День становился всё длиннее, ночь — всё короче, а размышления — всё неожиданнее.

И дело даже не в том, что его, Сморкалу Йоргенсона, наследника своей семьи и отцовскую гордость (теперь уже в прошлом) чуть не убил им же ослеплённый и, кажется, даже поверженный, побеждённый противник — на самом деле, после долгого анализа произошедшего, парень пришёл к выводу, что да — Иккинг был в своём праве.

Он был в своём праве даже если бы не сдержался и невесомым, аккуратным и выверенным движением отделил бы голову Сморкалы от его тела, наверняка даже не найдя хоть сколько-то достойной преграды в костях позвоночника — остроту клинка Хеддока юноша уже сумел ощутить.

Это самое страшное, да — Иккинга за такое осудили бы, но он мог и должен был убить его за то, что отнял даже гипотетическое всё из рук своего троюродного брата.

Он, Сморкала, разрушил жизнь своего противника, и не чувствовал от этого удовлетворения.

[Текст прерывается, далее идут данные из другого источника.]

lemma nn_integral_joint_swap:
  assumes [measurable]: "F \<in> borel_measurable (\<pi> \<Otimes>\<^sub>M \<pi>)"
  shows "(\<integral>\<^sup>+z. F z \<partial>joint) = (\<integral>\<^sup>+z. F (snd z, fst z) \<partial>joint)"
proof -
  have "(\<integral>\<^sup>+z. F z \<partial>joint) = (\<integral>\<^sup>+z. F z \<partial>distr joint (\<pi> \<Otimes>\<^sub>M \<pi>) (\<lambda>(x, y). (y, x)))"
    by (simp add: joint_swap)
  also have "\<dots> = (\<integral>\<^sup>+z. F (snd z, fst z) \<partial>joint)"
    by (subst nn_integral_distr) (simp_all add: split_beta)
  finally show ?thesis .
qed

lemma integral_joint_swap:
  fixes F :: "'a \<times> 'a \<Rightarrow> real"
  assumes [measurable]: "F \<in> borel_measurable (\<pi> \<Otimes>\<^sub>M \<pi>)"
  shows "(\<integral>z. F z \<partial>joint) = (\<integral>z. F (snd z, fst z) \<partial>joint)"
proof -
  have "(\<integral>z. F z \<partial>joint) = (\<integral>z. F z \<partial>distr joint (\<pi> \<Otimes>\<^sub>M \<pi>) (\<lambda>(x, y). (y, x)))"
    by (simp add: joint_swap)
  also have "\<dots> = (\<integral>z. F (snd z, fst z) \<partial>joint)"
    by (subst integral_distr) (simp_all add: split_beta)
  finally show ?thesis .
qed

lemma nn_integral_joint_snd:
  assumes [measurable]: "u \<in> borel_measurable \<pi>"
  shows "(\<integral>\<^sup>+z. u (snd z) \<partial>joint) = (\<integral>\<^sup>+x. u x \<partial>\<pi>)"
  using nn_integral_joint_swap[of "\<lambda>z. u (snd z)"] nn_integral_joint_fst[OF assms] by simp

lemma square_integrable_markov_op:
  assumes [measurable]: "g \<in> borel_measurable \<pi>" and g2: "integrable \<pi> (\<lambda>x. (g x)\<^sup>2)"
  shows "integrable \<pi> (\<lambda>x. (markov_op K g x)\<^sup>2)"
proof (subst integrable_iff_bounded, intro conjI)
  show "(\<lambda>x. (markov_op K g x)\<^sup>2) \<in> borel_measurable \<pi>" by measurable
  have "(\<integral>\<^sup>+x. ennreal (norm ((markov_op K g x)\<^sup>2)) \<partial>\<pi>) \<le> (\<integral>\<^sup>+x. \<integral>\<^sup>+y. ennreal ((g y)\<^sup>2) \<partial>K x \<partial>\<pi>)"
    by (intro nn_integral_mono) (simp add: markov_op_square_le)
  also have "\<dots> = (\<integral>\<^sup>+x. ennreal ((g x)\<^sup>2) \<partial>\<pi>)"
    using nn_integral_joint[of "\<lambda>z. ennreal ((g (snd z))\<^sup>2)"]
      nn_integral_joint_snd[of "\<lambda>x. ennreal ((g x)\<^sup>2)"] by simp
  also have "\<dots> < \<infinity>" using integrableD(2)[OF g2] by (simp add: less_top)
  finally show "(\<integral>\<^sup>+x. ennreal (norm ((markov_op K g x)\<^sup>2)) \<partial>\<pi>) < \<infinity>" .
qed

lemma integrable_joint_mult:
  fixes g h :: "'a \<Rightarrow> real"
  assumes [measurable]: "g \<in> borel_measurable \<pi>" "h \<in> borel_measurable \<pi>"
    and g2: "integrable \<pi> (\<lambda>x. (g x)\<^sup>2)" and h2: "integrable \<pi> (\<lambda>x. (h x)\<^sup>2)"
  shows "integrable joint (\<lambda>z. g (fst z) * h (snd z))"
proof (subst integrable_iff_bounded, intro conjI)
  show "(\<lambda>z. g (fst z) * h (snd z)) \<in> borel_measurable joint"
    by (simp add: measurable_cong_sets[OF sets_joint refl])
  have "(\<integral>\<^sup>+z. ennreal \<bar>g (fst z)\<bar> * ennreal \<bar>h (snd z)\<bar> \<partial>joint)\<^sup>2
      \<le> (\<integral>\<^sup>+z. ennreal \<bar>g (fst z)\<bar> ^ 2 \<partial>joint) * (\<integral>\<^sup>+z. ennreal \<bar>h (snd z)\<bar> ^ 2 \<partial>joint)"
    by (rule Cauchy_Schwarz_nn_integral) (auto simp: measurable_cong_sets[OF sets_joint refl])
  also have "\<dots> = (\<integral>\<^sup>+x. ennreal ((g x)\<^sup>2) \<partial>\<pi>) * (\<integral>\<^sup>+x. ennreal ((h x)\<^sup>2) \<partial>\<pi>)"
    using nn_integral_joint_fst[of "\<lambda>x. ennreal ((g x)\<^sup>2)"]
      nn_integral_joint_snd[of "\<lambda>x. ennreal ((h x)\<^sup>2)"] by (simp add: ennreal_power)
  also have "\<dots> < \<infinity>"
    using integrableD(2)[OF g2] integrableD(2)[OF h2] by (simp add: ennreal_mult_less_top less_top)
  finally show "(\<integral>\<^sup>+z. ennreal (norm (g (fst z) * h (snd z))) \<partial>joint) < \<infinity>"
    by (simp add: abs_mult ennreal_mult power_less_top_ennreal)
qed

lemma markov_op_self_adjoint:
  fixes g h :: "'a \<Rightarrow> real"
  assumes [measurable]: "g \<in> borel_measurable \<pi>" "h \<in> borel_measurable \<pi>"
    and g2: "integrable \<pi> (\<lambda>x. (g x)\<^sup>2)" and h2: "integrable \<pi> (\<lambda>x. (h x)\<^sup>2)"
  shows "(\<integral>x. g x * markov_op K h x \<partial>\<pi>) = (\<integral>x. markov_op K g x * h x \<partial>\<pi>)"
proof -
  have "(\<integral>x. g x * markov_op K h x \<partial>\<pi>) = (\<integral>z. g (fst z) * h (snd z) \<partial>joint)"
    using integrable_joint_mult[OF assms] by (simp add: integral_joint markov_op_def)
  also have "\<dots> = (\<integral>z. h (fst z) * g (snd z) \<partial>joint)"
    by (subst integral_joint_swap) (simp_all add: mult.commute)
  also have "\<dots> = (\<integral>x. markov_op K g x * h x \<partial>\<pi>)"
    using integrable_joint_mult[OF assms(2,1) h2 g2] by (simp add: integral_joint markov_op_def mult.commute)
  finally show ?thesis .
qed

lemma markov_op_power_measurable[measurable]:
  assumes [measurable]: "g \<in> borel_measurable \<pi>"
  shows "(markov_op K ^^ k) g \<in> borel_measurable \<pi>"
  by (induction k) simp_all

lemma square_integrable_markov_op_power:
  assumes "g \<in> borel_measurable \<pi>" and "integrable \<pi> (\<lambda>x. (g x)\<^sup>2)"
  shows "integrable \<pi> (\<lambda>x. ((markov_op K ^^ k) g x)\<^sup>2)"
  using assms by (induction k) (simp_all add: square_integrable_markov_op)

lemma l2_norm_sq_markov_op_power_log_convex:
  assumes [measurable]: "g \<in> borel_measurable \<pi>" and g2: "integrable \<pi> (\<lambda>x. (g x)\<^sup>2)"
  defines "c k \<equiv> l2_norm_sq \<pi> ((markov_op K ^^ k) g)"
  shows "(c (Suc k))\<^sup>2 \<le> c k * c (Suc (Suc k))"
proof -
  let ?g = "\<lambda>k. (markov_op K ^^ k) g"
  note square_integrable = square_integrable_markov_op_power[OF assms(1) g2]
  have "c (Suc k) = (\<integral>x. markov_op K (?g k) x * ?g (Suc k) x \<partial>\<pi>)"
    unfolding c_def l2_norm_sq_def by (simp add: power2_eq_square)
  also have "\<dots> = (\<integral>x. ?g k x * ?g (Suc (Suc k)) x \<partial>\<pi>)"
    using square_integrable[of k] square_integrable[of "Suc k"]
    by (subst markov_op_self_adjoint[symmetric]) simp_all
  finally have "(c (Suc k))\<^sup>2 = (\<integral>x. ?g k x * ?g (Suc (Suc k)) x \<partial>\<pi>)\<^sup>2" by simp
  also have "\<dots> \<le> c k * c (Suc (Suc k))"
    unfolding c_def l2_norm_sq_def
    using square_integrable[of k] square_integrable[of "Suc (Suc k)"] by (intro Cauchy_Schwarz_integral) simp_all
  finally show ?thesis .
qed

end

theorem lemma7:
  fixes \<pi> :: "'a measure" and K :: "'a \<Rightarrow> 'a measure" and f :: "'a \<Rightarrow> real" and n :: nat
  assumes "prob_space \<pi>"
    and "K \<in> \<pi> \<rightarrow>\<^sub>M prob_algebra \<pi>"
    and "reversible \<pi> K"
    and "f \<in> borel_measurable \<pi>"
    and "integrable \<pi> (\<lambda>x. (f x)\<^sup>2)"
    and "l2_norm_sq \<pi> f \<noteq> 0"
    and "n \<ge> 1"
  shows "l2_norm_sq \<pi> ((markov_op K ^^ n) f) / l2_norm_sq \<pi> f
           \<ge> (l2_norm_sq \<pi> (markov_op K f) / l2_norm_sq \<pi> f) ^ n"
proof -
  interpret reversible_kernel \<pi> K
    using assms(1-3) by (simp add: reversible_kernel_def reversible_kernel_axioms_def markov_kernel_def)
  define c where "c k = l2_norm_sq \<pi> ((markov_op K ^^ k) f)" for k
  have "(c 1 / c 0) ^ n \<le> c n / c 0"
  proof (rule log_convex_seq_ratio_power_le)
    show "c k \<ge> 0" for k unfolding c_def l2_norm_sq_def by simp
    show "(c (Suc k))\<^sup>2 \<le> c k * c (Suc (Suc k))" for k
      unfolding c_def using assms(4,5) by (rule l2_norm_sq_markov_op_power_log_convex)
  qed (use assms(6,7) in \<open>simp_all add: c_def\<close>)
  then show ?thesis by (simp add: c_def)
qed

end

Только что-то похожее на досаду — надо признаться, лидером Хеддок был хорошим, и он мог стать замечательным правителем их острова, но теперь…

Теперь над Олухом по его вине повисла неопределённость, и…

Это пугало.

Впервые Сморкала столкнулся с настолько глобальными последствиями собственных действий, впервые осознал, какую ответственность он нёс за происходящее, и что, да, детство закончилось, было пора взрослеть, но они, вся его компания, засиделись в детских пелёнках, когда можно было безнаказанно творить всё, что угодно.

И впервые он понял, что его отец, глава славного семейства Йоргенсонов (самого богатого и влиятельного после Хеддок и шедшего наравне с Хофферсонами), ничего не понимал ни в том, каким должно было будущее, ни в том, куда вести народ.

Синдри Йоргенсон вообще ничем не интересовался, кроме собственного богатства, славы, пирушек и женщин.

Даже если это и обижало мать Сморкалы.

Отцу на всё плевать.

Даже на сына, в котором видел словно бы породистого жеребца — выставить его на показ, похвастаться его успехами, свести его с кем-то для получения породистого и здорового потомства… Чего уж говорить про племянника.

Это открытие, что отцу, оказывается, было на него плевать, как ему было плевать на всех других своих дочерей и сыновей, имена которых были неизвестны, но наличие их было несомненно, стало неприятным, подобным оплеухе, подобным рухнувшему на голову небу.

Да, детство закончилось.

Теперь Сморкала должен был сам нести ответственность за свои поступки, теперь он должен был продумывать все последствия, пусть попридержать собственный дурной характер не получится.

Даже в разговорах с отцом его сдерживать теперь не получалось — раздражение достигло своего пика, особенно когда парень стал замечать полный странного отвращения взгляд отца, прикованный к шраму, который украшал шею парня.

И который тот даже и не думал скрывать.

Тогда между ними произошёл до крайности неприятный разговор, расставивший всё наконец по своим местам.


* * *


— Тебя терзает вина, я не понял? — рявкнул внезапно Снор, когда Сморкала, очередной раз задумавшийся и ничего не замечавший, случайно чуть не врезался в него.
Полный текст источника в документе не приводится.